I would like every entry below written out exactly.

(Saved data entries)
============

(* Let $\tilde W$ be the affine Coxeter group of type $\tilde G_2$ (Coxeter generators $r_1,r_2,r_3$ with $(r_1r_2)^6=1$, $(r_2r_3)^3=1$, $(r_1r_3)^2=1$), and let $X$ be a conjugacy class of involutions of $\tilde W$. Then the commuting involution graph $\mathcal{C}(\tilde W,X)$ is disconnected.
   Context: For a group $G$ and a set $X$ of involutions of $G$, the commuting involution graph $\mathcal{C}(G,X)$ has vertex set $X$, with distinct $x,y\in X$ joined by an edge whenever $xy=yx$. *)

theory Defs
  imports "HOL-Algebra.Group"
begin

text \<open>Affine Coxeter group of type G2~, given by its Coxeter presentation:
 generators r1 r2 r3 (encoded as 1 2 3), relations r_i^2 = 1,
 (r1 r2)^6 = 1, (r2 r3)^3 = 1, (r1 r3)^2 = 1.  Elements are classes of words
 modulo the congruence generated by the relations.\<close>

definition G2_gens :: "nat set" where
  "G2_gens = {1, 2, 3}"

fun G2_m :: "nat \<Rightarrow> nat \<Rightarrow> nat" where
  "G2_m i j = (if {i, j} = {1, 2} then 6
              else if {i, j} = {2, 3} then 3
              else if {i, j} = {1, 3} then 2
              else 1)"

inductive G2_weq :: "nat list \<Rightarrow> nat list \<Rightarrow> bool" where
  refl: "G2_weq w w"
| sym: "G2_weq v w \<Longrightarrow> G2_weq w v"
| trans: "G2_weq u v \<Longrightarrow> G2_weq v w \<Longrightarrow> G2_weq u w"
| square: "i \<in> G2_gens \<Longrightarrow> G2_weq (xs @ [i, i] @ ys) (xs @ ys)"
| braid: "i \<in> G2_gens \<Longrightarrow> j \<in> G2_gens \<Longrightarrow> i \<noteq> j \<Longrightarrow>
           G2_weq (xs @ concat (replicate (G2_m i j) [i, j]) @ ys) (xs @ ys)"

definition G2_words :: "nat list set" where
  "G2_words = {w. set w \<subseteq> G2_gens}"

definition G2_cls :: "nat list \<Rightarrow> nat list set" where
  "G2_cls w = {v \<in> G2_words. G2_weq w v}"

definition affine_G2 :: "nat list set monoid" where
  "affine_G2 = \<lparr> carrier = G2_cls ` G2_words,
                 mult = (\<lambda>A B. G2_cls ((SOME a. a \<in> A) @ (SOME b. b \<in> B))),
                 one = G2_cls [] \<rparr>"

definition involution :: "('a, 'b) monoid_scheme \<Rightarrow> 'a \<Rightarrow> bool" where
  "involution G x \<longleftrightarrow> x \<in> carrier G \<and> x \<noteq> \<one>\<^bsub>G\<^esub> \<and> x \<otimes>\<^bsub>G\<^esub> x = \<one>\<^bsub>G\<^esub>"

definition conj_class :: "('a, 'b) monoid_scheme \<Rightarrow> 'a \<Rightarrow> 'a set" where
  "conj_class G x = {g \<otimes>\<^bsub>G\<^esub> x \<otimes>\<^bsub>G\<^esub> inv\<^bsub>G\<^esub> g | g. g \<in> carrier G}"

definition cig_edge :: "('a, 'b) monoid_scheme \<Rightarrow> 'a set \<Rightarrow> 'a \<Rightarrow> 'a \<Rightarrow> bool" where
  "cig_edge G X x y \<longleftrightarrow> x \<in> X \<and> y \<in> X \<and> x \<noteq> y \<and> x \<otimes>\<^bsub>G\<^esub> y = y \<otimes>\<^bsub>G\<^esub> x"

definition cig_connected :: "('a, 'b) monoid_scheme \<Rightarrow> 'a set \<Rightarrow> bool" where
  "cig_connected G X \<longleftrightarrow> (\<forall>x\<in>X. \<forall>y\<in>X. (cig_edge G X)\<^sup>*\<^sup>* x y)"

end

theory Submission
  imports Defs "HOL-Library.Product_Plus"
begin

(* The generators act on the plane by the affine maps affine_gen below: the linear parts form
   the dihedral group of order 12 and the translations the lattice Z^2.  This representation is
   faithful, since every element has the normal form tau1^a tau2^b w(M) with w(M) a fixed word
   for the linear part M; this needs only finitely many word identities, each checked by a
   certificate of rewriting moves.
   If two distinct involutions of one conjugacy class commuted, their linear parts would be
   commuting conjugate involutions of the finite Weyl group, hence equal, and two commuting
   affine involutions with the same linear part coincide.  So no two vertices are adjacent, while
   conjugating t by a unit translation not fixed by its linear part gives a second vertex. *)



section \<open>Conjugacy classes and commuting involution graphs\<close>

context group
begin

lemma inv_mult_cancel_left: "g \<in> carrier G \<Longrightarrow> x \<in> carrier G \<Longrightarrow> inv g \<otimes> (g \<otimes> x) = x"
  by (simp add: m_assoc [symmetric])

lemma conj_int_pow:
  assumes "g \<in> carrier G" and "x \<in> carrier G"
  shows "g \<otimes> x [^] (k::int) \<otimes> inv g = (g \<otimes> x \<otimes> inv g) [^] k"
proof -
  have "(\<lambda>y. g \<otimes> y \<otimes> inv g) \<in> hom G G"
    using assms(1) by (intro homI) (simp_all add: m_assoc inv_mult_cancel_left)
  from hom_int_pow[OF this assms(2) is_group is_group] show ?thesis .
qed

lemma conj_eq_iff_commute:
  assumes "g \<in> carrier G" and "x \<in> carrier G"
  shows "g \<otimes> x \<otimes> inv g = x \<longleftrightarrow> g \<otimes> x = x \<otimes> g"
  using assms by (simp add: inv_solve_right')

============

**WRITTEN RESPONSE:**
(* Let $\tilde W$ be the affine Coxeter group of type $\tilde G_2$ (Coxeter generators $r_1,r_2,r_3$ with $(r_1r_2)^6=1$, $(r_2r_3)^3=1$, $(r_1r_3)^2=1$), and let $X$ be a conjugacy class of involutions of $\tilde W$. Then the commuting involution graph $\mathcal{C}(\tilde W,X)$ is disconnected.
   Context: For a group $G$ and a set $X$ of involutions of $G$, the commuting involution graph $\mathcal{C}(G,X)$ has vertex set $X$, with distinct $x,y\in X$ joined by an edge whenever $xy=yx$. *)

theory Defs
  imports "HOL-Algebra.Group"
begin

text \<open>Affine Coxeter group of type G2~, given by its Coxeter presentation:
 generators r1 r2 r3 (encoded as 1 2 3), relations r_i^2 = 1,
 (r1 r2)^6 = 1, (r2 r3)^3 = 1, (r1 r3)^2 = 1.  Elements are classes of words
 modulo the congruence generated by the relations.\<close>

definition G2_gens :: "nat set" where
  "G2_gens = {1, 2, 3}"

fun G2_m :: "nat \<Rightarrow> nat \<Rightarrow> nat" where
  "G2_m i j = (if {i, j} = {1, 2} then 6
              else if {i, j} = {2, 3} then 3
              else if {i, j} = {1, 3} then 2
              else 1)"

inductive G2_weq :: "nat list \<Rightarrow> nat list \<Rightarrow> bool" where
  refl: "G2_weq w w"
| sym: "G2_weq v w \<Longrightarrow> G2_weq w v"
| trans: "G2_weq u v \<Longrightarrow> G2_weq v w \<Longrightarrow> G2_weq u w"
| square: "i \<in> G2_gens \<Longrightarrow> G2_weq (xs @ [i, i] @ ys) (xs @ ys)"
| braid: "i \<in> G2_gens \<Longrightarrow> j \<in> G2_gens \<Longrightarrow> i \<noteq> j \<Longrightarrow>
           G2_weq (xs @ concat (replicate (G2_m i j) [i, j]) @ ys) (xs @ ys)"

definition G2_words :: "nat list set" where
  "G2_words = {w. set w \<subseteq> G2_gens}"

definition G2_cls :: "nat list \<Rightarrow> nat list set" where
  "G2_cls w = {v \<in> G2_words. G2_weq w v}"

definition affine_G2 :: "nat list set monoid" where
  "affine_G2 = \<lparr> carrier = G2_cls ` G2_words,
                 mult = (\<lambda>A B. G2_cls ((SOME a. a \<in> A) @ (SOME b. b \<in> B))),
                 one = G2_cls [] \<rparr>"

definition involution :: "('a, 'b) monoid_scheme \<Rightarrow> 'a \<Rightarrow> bool" where
  "involution G x \<longleftrightarrow> x \<in> carrier G \<and> x \<noteq> \<one>\<^bsub>G\<^esub> \<and> x \<otimes>\<^bsub>G\<^esub> x = \<one>\<^bsub>G\<^esub>"

definition conj_class :: "('a, 'b) monoid_scheme \<Rightarrow> 'a \<Rightarrow> 'a set" where
  "conj_class G x = {g \<otimes>\<^bsub>G\<^esub> x \<otimes>\<^bsub>G\<^esub> inv\<^bsub>G\<^esub> g | g. g \<in> carrier G}"

definition cig_edge :: "('a, 'b) monoid_scheme \<Rightarrow> 'a set \<Rightarrow> 'a \<Rightarrow> 'a \<Rightarrow> bool" where
  "cig_edge G X x y \<longleftrightarrow> x \<in> X \<and> y \<in> X \<and> x \<noteq> y \<and> x \<otimes>\<^bsub>G\<^esub> y = y \<otimes>\<^bsub>G\<^esub> x"

definition cig_connected :: "('a, 'b) monoid_scheme \<Rightarrow> 'a set \<Rightarrow> bool" where
  "cig_connected G X \<longleftrightarrow> (\<forall>x\<in>X. \<forall>y\<in>X. (cig_edge G X)\<^sup>*\<^sup>* x y)"

end

theory Submission
  imports Defs "HOL-Library.Product_Plus"
begin

(* The generators act on the plane by the affine maps affine_gen below: the linear parts form
   the dihedral group of order 12 and the translations the lattice Z^2.  This representation is
   faithful, since every element has the normal form tau1^a tau2^b w(M) with w(M) a fixed word
   for the linear part M; this needs only finitely many word identities, each checked by a
   certificate of rewriting moves.
   If two distinct involutions of one conjugacy class commuted, their linear parts would be
   commuting conjugate involutions of the finite Weyl group, hence equal, and two commuting
   affine involutions with the same linear part coincide.  So no two vertices are adjacent, while
   conjugating t by a unit translation not fixed by its linear part gives a second vertex. *)



section \<open>Conjugacy classes and commuting involution graphs\<close>

context group
begin

lemma inv_mult_cancel_left: "g \<in> carrier G \<Longrightarrow> x \<in> carrier G \<Longrightarrow> inv g \<otimes> (g \<otimes> x) = x"
  by (simp add: m_assoc [symmetric])

lemma conj_int_pow:
  assumes "g \<in> carrier G" and "x \<in> carrier G"
  shows "g \<otimes> x [^] (k::int) \<otimes> inv g = (g \<otimes> x \<otimes> inv g) [^] k"
proof -
  have "(\<lambda>y. g \<otimes> y \<otimes> inv g) \<in> hom G G"
    using assms(1) by (intro homI) (simp_all add: m_assoc inv_mult_cancel_left)
  from hom_int_pow[OF this assms(2) is_group is_group] show ?thesis .
qed

lemma conj_eq_iff_commute:
  assumes "g \<in> carrier G" and "x \<in> carrier G"
  shows "g \<otimes> x \<otimes> inv g = x \<longleftrightarrow> g \<otimes> x = x \<otimes> g"
  using assms by (simp add: inv_solve_right')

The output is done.